Decision rule
Which family fits?
The decision rule, in one page. Five questions to answer before your team starts building. Bookmark this page.
The five questions
- Is the input structured (rows + columns) or unstructured (free text, images, audio)?
- Do I need a number / class as output, or a sentence?
- What is my latency budget? Sub-100ms or seconds?
- Do I need to explain the answer to a regulator?
- How much labeled training data do I have? Hundreds, thousands, or millions?
Answer those five and the family usually picks itself.
The map
| Shape of problem | Family | Why |
|---|---|---|
| Structured + number/class out + sub-100ms + auditable | Family 1: Classical ML | Tabular data’s home. Gradient boosting wins on accuracy, latency, cost, interpretability. |
| Image / video / audio / time-series + real-time | Family 2: Specialist DL | Pre-LLM specialists are faster and cheaper on their modality. |
| Free-form text in or out + latency in seconds OK | Family 3: Foundation Models | Open shape, generative output, handles novel queries. |
| Sequential decisions + clear reward + cheap to try | Family 4: RL | The only family that can act, not just predict. |
| None of the above. Rules and SQL would do | Family 0: Don’t use AI | Half of “AI projects” should be a SQL query and a dashboard. |
Three audit questions for any AI proposal
When your team brings you an AI roadmap item, ask these three before you greenlight:
- Which family is this?If they don’t use family vocabulary, that’s a signal they haven’t thought about it.
- Show me your evals. No evals, no project. Just a demo.
- Show me one production trace.If they can’t, they don’t have observability. They can’t debug. They can’t ship.
Three audit questions for any AI vendor
When a vendor pitches you AI, ask these three before you sign:
- Which family powers your product?Many wrap an LLM and call it AI. That’s fine if Family 3 fits the problem shape, expensive if it doesn’t.
- What’s your latency at the 95th percentile? Demos show p50. P95 is what your customers feel.
- What happens when the model is wrong? A vendor without a hallucination-aware UX has a brittle product.
Common misclassifications
- Audit your current AI roadmap by family. Find the misfits.
- Ask the three vendor questions of the next AI vendor that pitches you.
- Subscribe to one technical newsletter you will actually read. latent.space, simonwillison.net, and deeplearning.ai/the-batch are the strongest in 2026.
Frequently asked questions
Should I use an LLM to predict customer churn?
No. Customer churn data is tabular (rows of customers with columns of features), and Family 1 classical ML wins on every dimension that matters: accuracy, latency, cost, interpretability. Gradient boosting (XGBoost, LightGBM) is the default winning method on tabular data and is orders of magnitude cheaper than calling an LLM per prediction.
When should I use RAG instead of fine-tuning an LLM?
Use RAG when the model lacks knowledge about your specific data (documents, help center, product catalog). Use fine-tuning when the model has the knowledge but does not behave the way you need (tone, format, refusal patterns). Test prompting first, RAG second, and fine-tune only when both fail. Most teams reach for fine-tuning when they actually need RAG.
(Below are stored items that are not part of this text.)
section \<open>Finite almost-norming families\<close>

lemma finite_grid_approximation:
  fixes m :: nat and \<delta> C :: real
  assumes "0 < \<delta>"
  shows "\<exists>G. finite G \<and> (\<forall>d. (\<forall>k<m. \<bar>d k\<bar> \<le> C) \<longrightarrow> (\<exists>c\<in>G. \<forall>k<m. \<bar>d k - c k\<bar> \<le> \<delta>))"
proof -
  define L where "L = \<lceil>C / \<delta>\<rceil>"
  define G where "G = {c. \<forall>k. (k \<in> {..<m} \<longrightarrow> c k \<in> (\<lambda>i. \<delta> * of_int i) ` {-L..L}) \<and>
                              (k \<notin> {..<m} \<longrightarrow> c k = 0)}"
  have "finite G"
    unfolding G_def by (intro finite_set_of_finite_funs) auto
  moreover have "\<exists>c\<in>G. \<forall>k<m. \<bar>d k - c k\<bar> \<le> \<delta>" if d: "\<forall>k<m. \<bar>d k\<bar> \<le> C" for d
  proof
    define c where "c k = (if k < m then \<delta> * of_int \<lfloor>d k / \<delta>\<rfloor> else 0)" for k
    have "\<bar>d k - c k\<bar> \<le> \<delta>" if "k < m" for k
    proof -
      have "\<delta> * of_int \<lfloor>d k / \<delta>\<rfloor> \<le> d k"
        using mult_left_mono[OF of_int_floor_le[of "d k / \<delta>"], of \<delta>] assms by simp
      moreover have "d k < \<delta> * of_int \<lfloor>d k / \<delta>\<rfloor> + \<delta>"
        using mult_strict_left_mono[OF real_of_int_floor_add_one_gt[of "d k / \<delta>"] assms] assms
        by (simp add: algebra_simps)
      ultimately show ?thesis using that by (simp add: c_def)
    qed
    then show "\<forall>k<m. \<bar>d k - c k\<bar> \<le> \<delta>" by blast
    have "\<lfloor>d k / \<delta>\<rfloor> \<in> {-L..L}" if "k < m" for k
    proof -
      have "\<bar>d k / \<delta>\<bar> \<le> C / \<delta>"
        using d that assms by (simp add: divide_right_mono)
      then have "- (C / \<delta>) \<le> d k / \<delta>" "d k / \<delta> \<le> C / \<delta>"
        by linarith+
      then have "\<lfloor>- (C / \<delta>)\<rfloor> \<le> \<lfloor>d k / \<delta>\<rfloor>" "\<lfloor>d k / \<delta>\<rfloor> \<le> \<lfloor>C / \<delta>\<rfloor>"
        by (simp_all add: floor_mono)
      then show ?thesis
        unfolding L_def using floor_le_ceiling[of "C / \<delta>"] by (simp add: ceiling_def)
    qed
    then show "c \<in> G" by (auto simp: G_def c_def)
  qed
  ultimately show ?thesis by blast
qed

lemma dominated_functional_near_norming:
  assumes q: "sublinear q"
    and dom: "\<forall>d. (\<Sum>k<m. a k * d k) \<le> q d"
    and norming: "(\<Sum>k<m. a k * c k) = q c"
  shows "q b - q (\<lambda>k. b k - c k) - q (\<lambda>k. c k - b k) \<le> (\<Sum>k<m. a k * b k)"
proof -
  have "(\<Sum>k<m. a k * b k) = (\<Sum>k<m. a k * c k) - (\<Sum>k<m. a k * (c k - b k))"
    by (simp add: sum_subtractf[symmetric] algebra_simps)
  moreover have "q b \<le> q c + q (\<lambda>k. b k - c k)"
    using sublinear_add[OF q, of c "\<lambda>k. b k - c k"] by simp
  ultimately show ?thesis
    using dom[rule_format, of "\<lambda>k. c k - b k"] norming by linarith
qed

lemma weighted_bound_le:
  fixes q :: "(nat \<Rightarrow> real) \<Rightarrow> real" and m :: nat
  assumes upper: "\<forall>d. q d \<le> (\<Sum>k<m. w k * \<bar>d k\<bar>)" and "\<forall>k<m. \<bar>e k\<bar> \<le> \<delta>"
  shows "q e \<le> \<delta> * (\<Sum>k<m. \<bar>w k\<bar>)"
proof -
  have "q e \<le> (\<Sum>k<m. w k * \<bar>e k\<bar>)" using upper by blast
  also have "\<dots> \<le> (\<Sum>k<m. \<bar>w k\<bar> * \<delta>)"
    using assms(2)
    by (intro sum_mono order_trans[OF mult_right_mono[OF abs_ge_self abs_ge_zero] mult_left_mono]) auto
  also have "\<dots> = \<delta> * (\<Sum>k<m. \<bar>w k\<bar>)" by (simp add: sum_distrib_left mult.commute)
  finally show ?thesis .
qed

lemma finite_net_of_norming_functionals:
  assumes q: "sublinear q"
    and upper: "\<forall>d. q d \<le> (\<Sum>k<m. w k * \<bar>d k\<bar>)"
    and coercive: "\<forall>d k. k < m \<longrightarrow> \<bar>d k\<bar> \<le> C * q d"
    and N: "\<forall>c. (\<forall>d. (\<Sum>k<m. N c k * d k) \<le> q d) \<and> (\<Sum>k<m. N c k * c k) = q c"
    and "0 < \<epsilon>"
  shows "\<exists>G. finite G \<and> (\<forall>b. q b = 1 \<longrightarrow> (\<exists>c\<in>G. 1 \<le> (1 + \<epsilon>) * (\<Sum>k<m. N c k * b k)))"
proof -
  define M where "M = (\<Sum>k<m. \<bar>w k\<bar>)"
  define \<delta> where "\<delta> = \<epsilon> / (2 * (1 + \<epsilon>) * (M + 1))"
  have "0 \<le> M" by (simp add: M_def sum_nonneg)
  then have "0 < \<delta>" using \<open>0 < \<epsilon>\<close> by (simp add: \<delta>_def)
  have "2 * \<delta> * M = \<epsilon> / (1 + \<epsilon>) * (M / (M + 1))"
    using \<open>0 < \<epsilon>\<close> \<open>0 \<le> M\<close> by (simp add: \<delta>_def divide_simps)
  also have "\<dots> \<le> \<epsilon> / (1 + \<epsilon>)"
    using \<open>0 < \<epsilon>\<close> \<open>0 \<le> M\<close> by (intro mult_left_le) auto
  finally have \<delta>M: "1 \<le> (1 + \<epsilon>) * (1 - 2 * \<delta> * M)"
    using \<open>0 < \<epsilon>\<close> by (simp add: field_simps)
  obtain G where "finite G" and G: "\<forall>d. (\<forall>k<m. \<bar>d k\<bar> \<le> C) \<longrightarrow> (\<exists>c\<in>G. \<forall>k<m. \<bar>d k - c k\<bar> \<le> \<delta>)"
    using finite_grid_approximation[OF \<open>0 < \<delta>\<close>, of m C] by blast
  have "\<exists>c\<in>G. 1 \<le> (1 + \<epsilon>) * (\<Sum>k<m. N c k * b k)" if "q b = 1" for b
  proof -
    have "\<forall>k<m. \<bar>b k\<bar> \<le> C"
      using coercive \<open>q b = 1\<close> by (metis mult.right_neutral)
    then obtain c where "c \<in> G" and c: "\<forall>k<m. \<bar>b k - c k\<bar> \<le> \<delta>"
      using G by blast
    have Nc: "\<forall>d. (\<Sum>k<m. N c k * d k) \<le> q d" "(\<Sum>k<m. N c k * c k) = q c"
      using N by auto
    have "1 - 2 * \<delta> * M \<le> (\<Sum>k<m. N c k * b k)"
      using dominated_functional_near_norming[OF q Nc, of b] \<open>q b = 1\<close> c
        weighted_bound_le[OF upper, of "\<lambda>k. b k - c k" \<delta>]
        weighted_bound_le[OF upper, of "\<lambda>k. c k - b k" \<delta>]
      by (simp add: M_def abs_minus_commute)
    then have "(1 + \<epsilon>) * (1 - 2 * \<delta> * M) \<le> (1 + \<epsilon>) * (\<Sum>k<m. N c k * b k)"
      using \<open>0 < \<epsilon>\<close> by (intro mult_left_mono) auto
    with \<delta>M \<open>c \<in> G\<close> show ?thesis by (meson order_trans)
  qed
  with \<open>finite G\<close> show ?thesis by blast
qed

lemma sublinear_almost_norming_family:
  assumes q: "sublinear q" and "depends_below m q"
    and upper: "\<forall>d. q d \<le> (\<Sum>k<m. w k * \<bar>d k\<bar>)"
    and coercive: "\<forall>d k. k < m \<longrightarrow> \<bar>d k\<bar> \<le> C * q d"
    and "0 < \<epsilon>"
  shows "\<exists>(J::nat) A. (\<forall>j<J. \<forall>d. (\<Sum>k<m. A j k * d k) \<le> q d) \<and>
    (\<forall>d. 0 < q d \<longrightarrow> (\<exists>j<J. q d \<le> (1 + \<epsilon>) * (\<Sum>k<m. A j k * d k)))"
proof -
  have "\<forall>c. \<exists>a. (\<forall>d. (\<Sum>k<m. a k * d k) \<le> q d) \<and> (\<Sum>k<m. a k * c k) = q c"
    using sublinear_norming_functional[OF assms(1,2)] by (intro allI)
  then obtain N where N: "\<forall>c. (\<forall>d. (\<Sum>k<m. N c k * d k) \<le> q d) \<and> (\<Sum>k<m. N c k * c k) = q c"
    using choice[of "\<lambda>c a. (\<forall>d. (\<Sum>k<m. a k * d k) \<le> q d) \<and> (\<Sum>k<m. a k * c k) = q c"]
    by blast
  obtain G where "finite G"
    and G: "\<forall>b. q b = 1 \<longrightarrow> (\<exists>c\<in>G. 1 \<le> (1 + \<epsilon>) * (\<Sum>k<m. N c k * b k))"
    using finite_net_of_norming_functionals[OF q upper coercive N \<open>0 < \<epsilon>\<close>] by blast
  obtain cs where cs: "set cs = G" using finite_list[OF \<open>finite G\<close>] by blast
  have "\<exists>j<length cs. q d \<le> (1 + \<epsilon>) * (\<Sum>k<m. N (cs ! j) k * d k)" if "0 < q d" for d
  proof -
    define b where "b k = inverse (q d) * d k" for k
    have "q b = 1"
      using sublinear_scale[OF q, of "inverse (q d)" d] \<open>0 < q d\<close> by (simp add: b_def[abs_def])
    then obtain c where "c \<in> set cs" and c: "1 \<le> (1 + \<epsilon>) * (\<Sum>k<m. N c k * b k)"
      using G cs by blast
    then obtain j where "j < length cs" and "cs ! j = c"
      by (auto simp: in_set_conv_nth)
    with c have j: "1 \<le> (1 + \<epsilon>) * (\<Sum>k<m. N (cs ! j) k * b k)" by simp
    have "(\<Sum>k<m. N (cs ! j) k * d k) = q d * (\<Sum>k<m. N (cs ! j) k * b k)"
      using \<open>0 < q d\<close> by (simp add: b_def sum_distrib_left field_simps)
    then have "q d \<le> (1 + \<epsilon>) * (\<Sum>k<m. N (cs ! j) k * d k)"
      using mult_left_mono[OF j, of "q d"] \<open>0 < q d\<close> by (simp add: mult.left_commute)
    with \<open>j < length cs\<close> show ?thesis by blast
  qed
  then show ?thesis
    using N by (intro exI[of _ "length cs"] exI[of _ "\<lambda>j. N (cs ! j)"]) auto
qed
subsection \<open>The coupled process\<close>

definition coupled_step ::
    "config \<Rightarrow> (nat \<Rightarrow> nat) \<Rightarrow> nat \<Rightarrow> (nat \<Rightarrow> real) \<Rightarrow> nat set list \<Rightarrow> nat set" where
  "coupled_step \<phi> \<pi> t u hs =
     (if \<pi> t \<notin> last hs \<and> u (\<pi> t) < \<phi> (\<pi> t) (knock_hist \<pi> t hs)
      then insert (\<pi> t) (last hs) else last hs)"

fun coupled_traj :: "config \<Rightarrow> (nat \<Rightarrow> nat) \<Rightarrow> (nat \<Rightarrow> real) \<Rightarrow> nat \<Rightarrow> nat set list" where
  "coupled_traj \<phi> \<pi> u 0 = [{}]"
| "coupled_traj \<phi> \<pi> u (Suc t) = coupled_traj \<phi> \<pi> u t @ [coupled_step \<phi> \<pi> t u (coupled_traj \<phi> \<pi> u t)]"

lemma length_coupled_traj [simp]: "length (coupled_traj \<phi> \<pi> u t) = Suc t"
  by (induction t) auto

lemma coupled_traj_not_Nil [simp]: "coupled_traj \<phi> \<pi> u t \<noteq> []"
  using length_coupled_traj[of \<phi> \<pi> u t] by (metis Zero_not_Suc list.size(3))

definition traj_step :: "config \<Rightarrow> (nat \<Rightarrow> nat) \<Rightarrow> nat \<Rightarrow> nat set list \<Rightarrow> nat set list pmf" where
  "traj_step \<phi> \<pi> t hs = (if \<pi> t \<in> last hs then return_pmf (hs @ [last hs])
     else map_pmf (\<lambda>b. hs @ [if b then insert (\<pi> t) (last hs) else last hs])
            (bernoulli_pmf (open_prob \<phi> \<pi> t hs)))"

lemma traj_Suc_eq_bind: "traj \<phi> \<pi> (Suc t) = traj \<phi> \<pi> t \<bind> traj_step \<phi> \<pi> t"
  unfolding traj_step_def by simp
Which AI family fits real-time computer vision on a production line?
Family 2, specialist deep learning. Models like YOLO ship at 30 frames per second on a line camera, fully on-device, with sub-100ms latency. Foundation model vision APIs (Claude Vision, GPT-4o) are too slow and too expensive per inference for real-time industrial use cases.
Is reinforcement learning ever the right choice for a startup?
Rarely. Family 4 reinforcement learning fits sequential decisions with a clear reward signal and cheap-to-simulate environments: trading, robotics, recommendation ranking, post-training of LLMs. If your problem is one-shot prediction, classification, or generation, you do not need RL. The infrastructure cost is high and the talent is scarce.
How do I audit an AI vendor's product?
Ask three questions. First, which family powers the product? Many vendors wrap an LLM and call it AI, which is fine if Family 3 fits the problem shape and expensive if it does not. Second, what is the p95 latency under load? Demos show p50; customers feel p95. Third, what happens when the model is wrong? A vendor without a hallucination-aware UX has a brittle product.
What is the production triad every AI team needs?
Eval, trace, loop. Evals define what good looks like before you ship. Traces let you reconstruct what happened when a user reports a bad output. The loop is build, eval, fix, ship, repeat with a tighter eval each time. A team that cannot show you all three is building a demo, not a product.